Every record must be copied out exactly.
(SOURCE DATA Opens)
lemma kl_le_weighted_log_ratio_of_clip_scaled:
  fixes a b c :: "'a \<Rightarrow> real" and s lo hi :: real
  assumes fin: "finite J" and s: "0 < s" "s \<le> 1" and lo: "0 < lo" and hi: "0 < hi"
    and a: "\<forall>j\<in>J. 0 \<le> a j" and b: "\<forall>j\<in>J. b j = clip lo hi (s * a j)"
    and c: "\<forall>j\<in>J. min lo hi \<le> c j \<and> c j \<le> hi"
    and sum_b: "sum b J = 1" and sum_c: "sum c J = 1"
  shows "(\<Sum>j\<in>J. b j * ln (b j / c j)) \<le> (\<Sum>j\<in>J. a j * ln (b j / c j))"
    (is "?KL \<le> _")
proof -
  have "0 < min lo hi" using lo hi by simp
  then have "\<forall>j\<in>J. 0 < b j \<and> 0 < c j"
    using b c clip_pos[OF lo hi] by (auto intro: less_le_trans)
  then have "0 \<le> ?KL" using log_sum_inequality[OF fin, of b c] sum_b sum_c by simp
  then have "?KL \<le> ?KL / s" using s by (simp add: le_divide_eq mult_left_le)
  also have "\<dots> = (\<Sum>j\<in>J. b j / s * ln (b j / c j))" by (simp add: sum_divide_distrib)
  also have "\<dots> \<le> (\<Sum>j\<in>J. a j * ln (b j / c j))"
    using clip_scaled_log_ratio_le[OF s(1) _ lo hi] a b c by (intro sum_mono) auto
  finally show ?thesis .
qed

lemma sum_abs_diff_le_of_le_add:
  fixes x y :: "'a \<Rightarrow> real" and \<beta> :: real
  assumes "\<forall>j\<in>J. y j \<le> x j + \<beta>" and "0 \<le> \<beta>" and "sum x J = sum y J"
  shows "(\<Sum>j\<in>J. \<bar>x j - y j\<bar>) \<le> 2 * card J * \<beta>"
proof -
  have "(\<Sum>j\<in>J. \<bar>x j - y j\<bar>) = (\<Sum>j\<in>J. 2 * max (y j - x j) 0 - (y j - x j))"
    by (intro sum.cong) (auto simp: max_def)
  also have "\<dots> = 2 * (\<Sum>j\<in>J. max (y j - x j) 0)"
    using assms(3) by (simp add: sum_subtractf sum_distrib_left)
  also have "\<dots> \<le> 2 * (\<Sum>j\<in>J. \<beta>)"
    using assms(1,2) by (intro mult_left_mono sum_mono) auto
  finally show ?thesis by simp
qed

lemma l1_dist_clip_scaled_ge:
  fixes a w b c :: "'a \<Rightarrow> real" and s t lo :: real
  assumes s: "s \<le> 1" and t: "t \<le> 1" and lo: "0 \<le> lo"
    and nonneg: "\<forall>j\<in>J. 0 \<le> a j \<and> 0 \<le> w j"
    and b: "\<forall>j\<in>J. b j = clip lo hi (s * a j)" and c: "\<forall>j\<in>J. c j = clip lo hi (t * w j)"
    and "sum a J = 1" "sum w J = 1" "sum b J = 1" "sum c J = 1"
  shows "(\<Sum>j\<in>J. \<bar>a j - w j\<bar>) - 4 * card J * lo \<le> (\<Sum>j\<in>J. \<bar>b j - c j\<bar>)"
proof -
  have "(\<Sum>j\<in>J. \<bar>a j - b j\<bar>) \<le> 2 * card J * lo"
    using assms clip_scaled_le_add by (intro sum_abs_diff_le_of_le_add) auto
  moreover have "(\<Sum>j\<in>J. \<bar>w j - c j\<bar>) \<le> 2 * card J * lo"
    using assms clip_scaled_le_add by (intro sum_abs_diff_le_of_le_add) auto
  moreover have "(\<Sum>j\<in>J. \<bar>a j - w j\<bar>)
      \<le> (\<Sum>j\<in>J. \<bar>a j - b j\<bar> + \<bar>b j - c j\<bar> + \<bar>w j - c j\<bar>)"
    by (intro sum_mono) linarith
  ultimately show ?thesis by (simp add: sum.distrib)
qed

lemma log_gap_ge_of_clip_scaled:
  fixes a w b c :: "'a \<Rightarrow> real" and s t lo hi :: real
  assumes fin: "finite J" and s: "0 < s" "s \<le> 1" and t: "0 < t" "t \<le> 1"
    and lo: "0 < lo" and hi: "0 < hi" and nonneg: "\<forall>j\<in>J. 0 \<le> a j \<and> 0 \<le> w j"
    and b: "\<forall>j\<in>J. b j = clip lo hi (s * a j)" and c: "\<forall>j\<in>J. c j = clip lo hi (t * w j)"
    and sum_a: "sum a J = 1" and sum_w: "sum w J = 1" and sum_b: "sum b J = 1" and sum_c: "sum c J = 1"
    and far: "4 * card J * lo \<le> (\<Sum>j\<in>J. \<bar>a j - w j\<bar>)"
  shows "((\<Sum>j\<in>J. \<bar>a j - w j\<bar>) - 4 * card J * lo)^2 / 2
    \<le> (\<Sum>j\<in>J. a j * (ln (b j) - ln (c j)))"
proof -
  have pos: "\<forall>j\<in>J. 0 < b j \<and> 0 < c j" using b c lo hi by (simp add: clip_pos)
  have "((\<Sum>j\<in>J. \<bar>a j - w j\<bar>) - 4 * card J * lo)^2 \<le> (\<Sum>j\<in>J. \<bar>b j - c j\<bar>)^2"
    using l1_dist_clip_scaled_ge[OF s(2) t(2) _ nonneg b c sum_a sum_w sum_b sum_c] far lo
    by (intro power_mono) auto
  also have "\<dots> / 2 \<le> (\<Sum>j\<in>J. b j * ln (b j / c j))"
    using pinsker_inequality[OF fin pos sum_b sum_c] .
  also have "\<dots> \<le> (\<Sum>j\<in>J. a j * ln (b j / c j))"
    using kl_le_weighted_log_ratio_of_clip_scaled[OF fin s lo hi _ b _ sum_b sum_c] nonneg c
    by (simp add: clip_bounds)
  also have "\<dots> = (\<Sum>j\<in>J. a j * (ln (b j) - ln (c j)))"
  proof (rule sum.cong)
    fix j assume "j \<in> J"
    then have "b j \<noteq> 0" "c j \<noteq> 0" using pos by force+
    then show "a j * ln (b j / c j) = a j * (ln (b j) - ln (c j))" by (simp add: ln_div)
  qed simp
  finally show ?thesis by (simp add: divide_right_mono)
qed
(SOURCE DATA Closes)
## TASK OUTPUT
lemma kl_le_weighted_log_ratio_of_clip_scaled:
  fixes a b c :: "'a \<Rightarrow> real" and s lo hi :: real
  assumes fin: "finite J" and s: "0 < s" "s \<le> 1" and lo: "0 < lo" and hi: "0 < hi"
    and a: "\<forall>j\<in>J. 0 \<le> a j" and b: "\<forall>j\<in>J. b j = clip lo hi (s * a j)"
    and c: "\<forall>j\<in>J. min lo hi \<le> c j \<and> c j \<le> hi"
    and sum_b: "sum b J = 1" and sum_c: "sum c J = 1"
  shows "(\<Sum>j\<in>J. b j * ln (b j / c j)) \<le> (\<Sum>j\<in>J. a j * ln (b j / c j))"
    (is "?KL \<le> _")
proof -
  have "0 < min lo hi" using lo hi by simp
  then have "\<forall>j\<in>J. 0 < b j \<and> 0 < c j"
    using b c clip_pos[OF lo hi] by (auto intro: less_le_trans)
  then have "0 \<le> ?KL" using log_sum_inequality[OF fin, of b c] sum_b sum_c by simp
  then have "?KL \<le> ?KL / s" using s by (simp add: le_divide_eq mult_left_le)
  also have "\<dots> = (\<Sum>j\<in>J. b j / s * ln (b j / c j))" by (simp add: sum_divide_distrib)
  also have "\<dots> \<le> (\<Sum>j\<in>J. a j * ln (b j / c j))"
    using clip_scaled_log_ratio_le[OF s(1) _ lo hi] a b c by (intro sum_mono) auto
  finally show ?thesis .
qed

lemma sum_abs_diff_le_of_le_add:
  fixes x y :: "'a \<Rightarrow> real" and \<beta> :: real
  assumes "\<forall>j\<in>J. y j \<le> x j + \<beta>" and "0 \<le> \<beta>" and "sum x J = sum y J"
  shows "(\<Sum>j\<in>J. \<bar>x j - y j\<bar>) \<le> 2 * card J * \<beta>"
proof -
  have "(\<Sum>j\<in>J. \<bar>x j - y j\<bar>) = (\<Sum>j\<in>J. 2 * max (y j - x j) 0 - (y j - x j))"
    by (intro sum.cong) (auto simp: max_def)
  also have "\<dots> = 2 * (\<Sum>j\<in>J. max (y j - x j) 0)"
    using assms(3) by (simp add: sum_subtractf sum_distrib_left)
  also have "\<dots> \<le> 2 * (\<Sum>j\<in>J. \<beta>)"
    using assms(1,2) by (intro mult_left_mono sum_mono) auto
  finally show ?thesis by simp
qed

lemma l1_dist_clip_scaled_ge:
  fixes a w b c :: "'a \<Rightarrow> real" and s t lo :: real
  assumes s: "s \<le> 1" and t: "t \<le> 1" and lo: "0 \<le> lo"
    and nonneg: "\<forall>j\<in>J. 0 \<le> a j \<and> 0 \<le> w j"
    and b: "\<forall>j\<in>J. b j = clip lo hi (s * a j)" and c: "\<forall>j\<in>J. c j = clip lo hi (t * w j)"
    and "sum a J = 1" "sum w J = 1" "sum b J = 1" "sum c J = 1"
  shows "(\<Sum>j\<in>J. \<bar>a j - w j\<bar>) - 4 * card J * lo \<le> (\<Sum>j\<in>J. \<bar>b j - c j\<bar>)"
proof -
  have "(\<Sum>j\<in>J. \<bar>a j - b j\<bar>) \<le> 2 * card J * lo"
    using assms clip_scaled_le_add by (intro sum_abs_diff_le_of_le_add) auto
  moreover have "(\<Sum>j\<in>J. \<bar>w j - c j\<bar>) \<le> 2 * card J * lo"
    using assms clip_scaled_le_add by (intro sum_abs_diff_le_of_le_add) auto
  moreover have "(\<Sum>j\<in>J. \<bar>a j - w j\<bar>)
      \<le> (\<Sum>j\<in>J. \<bar>a j - b j\<bar> + \<bar>b j - c j\<bar> + \<bar>w j - c j\<bar>)"
    by (intro sum_mono) linarith
  ultimately show ?thesis by (simp add: sum.distrib)
qed

lemma log_gap_ge_of_clip_scaled:
  fixes a w b c :: "'a \<Rightarrow> real" and s t lo hi :: real
  assumes fin: "finite J" and s: "0 < s" "s \<le> 1" and t: "0 < t" "t \<le> 1"
    and lo: "0 < lo" and hi: "0 < hi" and nonneg: "\<forall>j\<in>J. 0 \<le> a j \<and> 0 \<le> w j"
    and b: "\<forall>j\<in>J. b j = clip lo hi (s * a j)" and c: "\<forall>j\<in>J. c j = clip lo hi (t * w j)"
    and sum_a: "sum a J = 1" and sum_w: "sum w J = 1" and sum_b: "sum b J = 1" and sum_c: "sum c J = 1"
    and far: "4 * card J * lo \<le> (\<Sum>j\<in>J. \<bar>a j - w j\<bar>)"
  shows "((\<Sum>j\<in>J. \<bar>a j - w j\<bar>) - 4 * card J * lo)^2 / 2
    \<le> (\<Sum>j\<in>J. a j * (ln (b j) - ln (c j)))"
proof -
  have pos: "\<forall>j\<in>J. 0 < b j \<and> 0 < c j" using b c lo hi by (simp add: clip_pos)
  have "((\<Sum>j\<in>J. \<bar>a j - w j\<bar>) - 4 * card J * lo)^2 \<le> (\<Sum>j\<in>J. \<bar>b j - c j\<bar>)^2"
    using l1_dist_clip_scaled_ge[OF s(2) t(2) _ nonneg b c sum_a sum_w sum_b sum_c] far lo
    by (intro power_mono) auto
  also have "\<dots> / 2 \<le> (\<Sum>j\<in>J. b j * ln (b j / c j))"
    using pinsker_inequality[OF fin pos sum_b sum_c] .
  also have "\<dots> \<le> (\<Sum>j\<in>J. a j * ln (b j / c j))"
    using kl_le_weighted_log_ratio_of_clip_scaled[OF fin s lo hi _ b _ sum_b sum_c] nonneg c
    by (simp add: clip_bounds)
  also have "\<dots> = (\<Sum>j\<in>J. a j * (ln (b j) - ln (c j)))"
  proof (rule sum.cong)
    fix j assume "j \<in> J"
    then have "b j \<noteq> 0" "c j \<noteq> 0" using pos by force+
    then show "a j * ln (b j / c j) = a j * (ln (b j) - ln (c j))" by (simp add: ln_div)
  qed simp
  finally show ?thesis by (simp add: divide_right_mono)
qed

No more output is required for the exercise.